If you’re having trouble with this problem, consider working backwards. You know that you need an expression that evaluates to type Boolean. What operations on sets do you have that produce Booleans? Or perhaps make the problem simpler. How would you say "all cats are adorable?" How about "all cats are both adorable and bouncy?"

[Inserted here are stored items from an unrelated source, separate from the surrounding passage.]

lemma (in group) derived_pow_mem_comm_subgroup:
  assumes K: "K \<lhd> G" and pow: "\<And>x. x \<in> carrier G \<Longrightarrow> x [^] n \<in> K"
    and lower_central: "lower_central G c \<subseteq> K"
    and r: "r \<in> derived G (carrier G)"
  shows "r [^] (n * e_nc n c) \<in> comm_subgroup G (carrier G) K"
proof -
  define N where "N = comm_subgroup G (carrier G) K"
  interpret N: normal N G
    unfolding N_def using K by (simp add: comm_subgroup_normal normal_self)
  interpret Q: group "G Mod N" by (rule N.factorgroup_is_group)
  interpret \<pi>: group_hom G "G Mod N" "\<lambda>a. N #> a"
    by unfold_locales (rule N.r_coset_hom_Mod)
  have onto: "(\<lambda>a. N #> a) ` carrier G = carrier (G Mod N)"
    by (auto simp: FactGroup_def RCOSETS_def)
  have "p [^]\<^bsub>G Mod N\<^esub> n \<in> center (G Mod N)" if p: "p \<in> carrier (G Mod N)" for p
  proof -
    obtain u where u: "u \<in> carrier G" and "p = N #> u"
      using p by (auto simp: FactGroup_def RCOSETS_def)
    then have "p [^]\<^bsub>G Mod N\<^esub> n = N #> (u [^] n)"
      by (simp add: \<pi>.hom_nat_pow)
    then show ?thesis
      using rcos_mem_center_Mod_comm_subgroup[OF K pow[OF u]] unfolding N_def by simp
  qed
  moreover have "power_defect (G Mod N) n p q [^]\<^bsub>G Mod N\<^esub> e_nc n c = \<one>\<^bsub>G Mod N\<^esub>"
    if pq: "p \<in> carrier (G Mod N)" "q \<in> carrier (G Mod N)" for p q
  proof -
    obtain u v where uv: "u \<in> carrier G" "v \<in> carrier G" and "p = N #> u" "q = N #> v"
      using pq by (auto simp: FactGroup_def RCOSETS_def)
    then have "power_defect (G Mod N) n p q [^]\<^bsub>G Mod N\<^esub> e_nc n c
        = N #> (power_defect G n u v [^] e_nc n c)"
      by (simp add: \<pi>.power_defect_image \<pi>.hom_nat_pow power_defect_def)
    also have "\<dots> = N"
      using power_defect_pow_e_nc_mem[OF K pow lower_central uv] uv
      by (intro coset_join2 N.subgroup_axioms) (simp_all add: N_def power_defect_def)
    finally show ?thesis
      by (simp add: FactGroup_def)
  qed
  moreover have "N #> r \<in> derived (G Mod N) (carrier (G Mod N))"
    using r \<pi>.derived_img[OF subset_refl] onto by auto
  ultimately have "(N #> r) [^]\<^bsub>G Mod N\<^esub> (n * e_nc n c) = \<one>\<^bsub>G Mod N\<^esub>"
    by (rule Q.derived_pow_eq_one_of_central_powers)
  moreover have r_carrier: "r \<in> carrier G"
    using r derived_in_carrier[OF subset_refl] by blast
  ultimately have "N #> (r [^] (n * e_nc n c)) = N"
    using \<pi>.hom_nat_pow[OF r_carrier] by (simp add: FactGroup_def)
  then show ?thesis
    unfolding N_def[symmetric] using r_carrier by (rule coset_join1[OF _ nat_pow_closed N.subgroup_axioms])
qed


lemma (in group) hopf_mult_pow_e_nc_eq_one:
  assumes R: "R \<lhd> G" and pow: "\<And>x. x \<in> carrier G \<Longrightarrow> x [^] n \<in> R"
    and lower_central: "lower_central G c \<subseteq> R"
    and Y: "Y \<in> carrier (hopf_mult G R)"
  shows "Y [^]\<^bsub>hopf_mult G R\<^esub> (n * e_nc n c) = \<one>\<^bsub>hopf_mult G R\<^esub>"
proof -
  define N where "N = comm_subgroup G (carrier G) R"
  interpret N: normal N G
    unfolding N_def using R by (simp add: comm_subgroup_normal normal_self)
  obtain r where r: "r \<in> R \<inter> derived G (carrier G)" and Y: "Y = N #> r"
    using Y by (auto simp: hopf_mult_def N_def FactGroup_def RCOSETS_def)
  then have r_carrier: "r \<in> carrier G"
    using derived_in_carrier by blast
  have "N #> (r [^] (n * e_nc n c)) = N"
    using derived_pow_mem_comm_subgroup[OF R pow lower_central] r r_carrier
    by (intro coset_join2 N.subgroup_axioms) (auto simp: N_def)
  then show ?thesis
    unfolding hopf_mult_def N_def[symmetric] pow_Mod_carrier_update Y N.rcos_pow[OF r_carrier]
    by (simp add: FactGroup_def)
qed

theorem theorem2:
  fixes G :: "('g, 'm) monoid_scheme" and n c :: nat
  assumes "n \<ge> 2" and "c \<ge> 1"
    and "group G" and "finite (carrier G)"
    and "has_exponent G n" and "nilpotent_class_le G c"
  shows "\<forall>x \<in> carrier (schur_mult G). x [^]\<^bsub>schur_mult G\<^esub> (n * e_nc n c) = \<one>\<^bsub>schur_mult G\<^esub>"
proof -
  interpret G: group G by fact
  define F where "F = free_group (carrier G)"
  define h where "h = free_lift (carrier G) G (\<lambda>x. x)"
  interpret F: group F
    unfolding F_def by (rule free_group_is_group)
  interpret h: group_hom F G h
    unfolding F_def h_def by (rule G.free_lift_group_hom) simp
  have "x [^]\<^bsub>F\<^esub> n \<in> kernel F G h" if "x \<in> carrier F" for x
    using that \<open>has_exponent G n\<close> by (simp add: kernel_def has_exponent_def h.hom_nat_pow)
  moreover have "lower_central F c \<subseteq> kernel F G h"
    using h.lower_central_image[of c] \<open>nilpotent_class_le G c\<close> F.lower_central_subset
    by (auto simp: kernel_def nilpotent_class_le_def)
  ultimately show ?thesis
    unfolding schur_mult_def F_def[symmetric] h_def[symmetric]
    using F.hopf_mult_pow_e_nc_eq_one[OF h.normal_kernel] by blast
qed

end
lemma derivative_error_bound_of_error_bound:
  fixes \<phi> :: "'a::real_normed_vector \<Rightarrow> ereal"
  assumes fr: "frontier (sublevel0 \<phi>) \<subseteq> \<phi> -` {0}"
    and sh: "shapiro_around (sublevel0 \<phi>) xbar"
    and tau: "\<tau> > 0" and d0: "\<delta>0 > 0"
    and eb: "\<forall>x\<in>ball xbar \<delta>0. edist_set x (sublevel0 \<phi>) \<le> ereal \<tau> * max (\<phi> x) 0"
  shows "\<exists>\<delta>>0. \<forall>x\<in>frontier (sublevel0 \<phi>) \<inter> ball xbar \<delta>. \<forall>h.
            edist_set h {u. hadamard_lower \<phi> x u \<le> 0} \<le> ereal \<tau> * max (hadamard_lower \<phi> x h) 0"
proof -
  obtain U where U: "open U" "xbar \<in> U" "\<forall>u\<in>sublevel0 \<phi> \<inter> U. shapiro_at (sublevel0 \<phi>) u"
    using sh unfolding shapiro_around_def by blast
  obtain dU where dU: "dU > 0" "ball xbar dU \<subseteq> U" using U(1,2) open_contains_ball by blast
  have "edist_set h {u. hadamard_lower \<phi> x u \<le> 0} \<le> ereal \<tau> * max (hadamard_lower \<phi> x h) 0"
    if x: "x \<in> frontier (sublevel0 \<phi>)" "x \<in> ball xbar (min \<delta>0 dU)" for x h
  proof -
    have x0: "\<phi> x = 0" using fr x(1) by auto
    have shx: "shapiro_at (sublevel0 \<phi>) x" using U(3) x0 x(2) dU(2) by (auto simp: sublevel0_def)
    have "x \<in> ball xbar \<delta>0" using x(2) by simp
    then obtain \<rho> where rho: "\<rho> > 0" "ball x \<rho> \<subseteq> ball xbar \<delta>0"
      using open_contains_ball open_ball by blast
    show ?thesis
    proof (cases "max (hadamard_lower \<phi> x h) 0")
      case (real m)
      show ?thesis unfolding real
      proof (rule ereal_le_epsilon2)
        fix e :: real assume e: "e > 0"
        define c where "c = m + e / (2 * \<tau>)"
        have "m \<ge> 0" using max.cobounded2[of 0 "hadamard_lower \<phi> x h"] real by simp
        then have c: "c > 0" using e tau by (simp add: c_def add_nonneg_pos)
        have "hadamard_lower \<phi> x h \<le> ereal m" using max.cobounded1 real by metis
        also have "ereal m < ereal c" using e tau by (simp add: c_def)
        finally have "hadamard_lower \<phi> x h < ereal c" .
        then have "edist_set h {u. hadamard_lower \<phi> x u \<le> 0} < ereal (\<tau> * c + e / 2)"
          using edist_hadamard_sublevel_less[OF x0 shx tau rho(1) _ c, where e="e / 2"] eb rho(2) e by auto
        also have "\<tau> * c + e / 2 = \<tau> * m + e" using tau by (simp add: c_def field_simps)
        finally show "edist_set h {u. hadamard_lower \<phi> x u \<le> 0} \<le> ereal \<tau> * ereal m + ereal e"
          by simp
      qed
    qed (use tau in auto)
  qed
  then show ?thesis using d0 dU(1) by (intro exI[of _ "min \<delta>0 dU"]) auto
qed

section \<open>Part (ii): from derivative error bounds to an error bound\<close>

lemma local_error_bound_of_interior:
  assumes "xbar \<in> interior (sublevel0 \<phi>)"
  shows "local_error_bound \<phi> xbar"
proof -
  obtain r where "r > 0" "ball xbar r \<subseteq> sublevel0 \<phi>" using assms mem_interior by blast
  then have "\<forall>x\<in>ball xbar r. edist_set x (sublevel0 \<phi>) \<le> ereal 1 * max (\<phi> x) 0"
    by (intro ballI edist_set_le_error_bound) auto
  then show ?thesis unfolding local_error_bound_def using \<open>r > 0\<close> zero_less_one by blast
qed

Suppose you’re on an exciting first date. Let $Y$ represent the set of all your hobbies and $D$ represent the set of all your date’s hobbies. Write an expression that says that you have a hobby that your date doesn’t have.

As before, type-check your answer! Should your answer represent a set? A Boolean? Something else?

Let’s say that a committee is a group of people, which we can think of as being represented by the set of people that comprise it. Let’s have $S$ represent the set of all students at Stanford and let $F$ represent the set of all faculty at Stanford. Write an expression representing the set of all committees you can make from Stanford students and faculty that contain at least one student and at least one faculty member. You can assume no one is both a student and a faculty member.

Something to think about: how would you say “all committees made purely of students?” Something else to think about: what is the type of the statement to translate? Is it a Boolean? A set? Neither?